lemma circ_cos_moment_circ_conv:
  assumes f1: "set_integrable lborel {-pi..<pi} f1" and f2: "set_integrable lborel {-pi..<pi} f2"
  shows "circ_cos_moment (circ_conv f1 f2)
    = circ_cos_moment f1 * circ_cos_moment f2 - circ_sin_moment f1 * circ_sin_moment f2"
proof -
  have rotated: "(LINT y:{-pi..<pi}|lborel. cos y * f2 (angle_wrap (y - x)))
      = cos x * circ_cos_moment f2 - sin x * circ_sin_moment f2" for x
  proof -
    define H where "H u = cos (u + x) * f2 u" for u
    have "H (angle_wrap (y - x)) = cos y * f2 (angle_wrap (y - x))" for y
      unfolding H_def cos_angle_wrap_add by simp
    moreover have "set_integrable lborel {-pi..<pi} H"
      unfolding H_def by (rule set_integrable_bounded_mult[OF f2, where B = 1]) auto
    ultimately have "(LINT y:{-pi..<pi}|lborel. cos y * f2 (angle_wrap (y - x))) = (LINT u:{-pi..<pi}|lborel. H u)"
      using set_integral_angle_wrap_rotate(2)[of H x] by simp
    also have "\<dots> = (LINT u:{-pi..<pi}|lborel. cos x * (cos u * f2 u) - sin x * (sin u * f2 u))"
      unfolding H_def by (rule set_lebesgue_integral_cong) (auto simp: cos_add algebra_simps)
    also have "\<dots> = cos x * circ_cos_moment f2 - sin x * circ_sin_moment f2"
      unfolding circ_cos_moment_def circ_sin_moment_def using set_integrable_cos_sin_mult[OF f2]
      by (subst set_integral_diff(2)) auto
    finally show ?thesis .
  qed
  have "circ_cos_moment (circ_conv f1 f2)
      = (LINT x:{-pi..<pi}|lborel. f1 x * (LINT y:{-pi..<pi}|lborel. cos y * f2 (angle_wrap (y - x))))"
    unfolding circ_cos_moment_def by (rule set_integral_circ_conv(2)[OF f1 f2, where B = 1]) auto
  also have "\<dots> = (LINT x:{-pi..<pi}|lborel.
      circ_cos_moment f2 * (cos x * f1 x) - circ_sin_moment f2 * (sin x * f1 x))"
    unfolding rotated by (rule set_lebesgue_integral_cong) (auto simp: algebra_simps)
  also have "\<dots> = circ_cos_moment f1 * circ_cos_moment f2 - circ_sin_moment f1 * circ_sin_moment f2"
    unfolding circ_cos_moment_def circ_sin_moment_def using set_integrable_cos_sin_mult[OF f1]
    by (subst set_integral_diff(2)) auto
  finally show ?thesis .
qed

============

An exact reproduction of the data is required. Leave nothing out.

lemma circ_cos_moment_circ_conv:
  assumes f1: "set_integrable lborel {-pi..<pi} f1" and f2: "set_integrable lborel {-pi..<pi} f2"
  shows "circ_cos_moment (circ_conv f1 f2)
    = circ_cos_moment f1 * circ_cos_moment f2 - circ_sin_moment f1 * circ_sin_moment f2"
proof -
  have rotated: "(LINT y:{-pi..<pi}|lborel. cos y * f2 (angle_wrap (y - x)))
      = cos x * circ_cos_moment f2 - sin x * circ_sin_moment f2" for x
  proof -
    define H where "H u = cos (u + x) * f2 u" for u
    have "H (angle_wrap (y - x)) = cos y * f2 (angle_wrap (y - x))" for y
      unfolding H_def cos_angle_wrap_add by simp
    moreover have "set_integrable lborel {-pi..<pi} H"
      unfolding H_def by (rule set_integrable_bounded_mult[OF f2, where B = 1]) auto
    ultimately have "(LINT y:{-pi..<pi}|lborel. cos y * f2 (angle_wrap (y - x))) = (LINT u:{-pi..<pi}|lborel. H u)"
      using set_integral_angle_wrap_rotate(2)[of H x] by simp
    also have "\<dots> = (LINT u:{-pi..<pi}|lborel. cos x * (cos u * f2 u) - sin x * (sin u * f2 u))"
      unfolding H_def by (rule set_lebesgue_integral_cong) (auto simp: cos_add algebra_simps)
    also have "\<dots> = cos x * circ_cos_moment f2 - sin x * circ_sin_moment f2"
      unfolding circ_cos_moment_def circ_sin_moment_def using set_integrable_cos_sin_mult[OF f2]
      by (subst set_integral_diff(2)) auto
    finally show ?thesis .
  qed
  have "circ_cos_moment (circ_conv f1 f2)
      = (LINT x:{-pi..<pi}|lborel. f1 x * (LINT y:{-pi..<pi}|lborel. cos y * f2 (angle_wrap (y - x))))"
    unfolding circ_cos_moment_def by (rule set_integral_circ_conv(2)[OF f1 f2, where B = 1]) auto
  also have "\<dots> = (LINT x:{-pi..<pi}|lborel.
      circ_cos_moment f2 * (cos x * f1 x) - circ_sin_moment f2 * (sin x * f1 x))"
    unfolding rotated by (rule set_lebesgue_integral_cong) (auto simp: algebra_simps)
  also have "\<dots> = circ_cos_moment f1 * circ_cos_moment f2 - circ_sin_moment f1 * circ_sin_moment f2"
    unfolding circ_cos_moment_def circ_sin_moment_def using set_integrable_cos_sin_mult[OF f1]
    by (subst set_integral_diff(2)) auto
  finally show ?thesis .
qed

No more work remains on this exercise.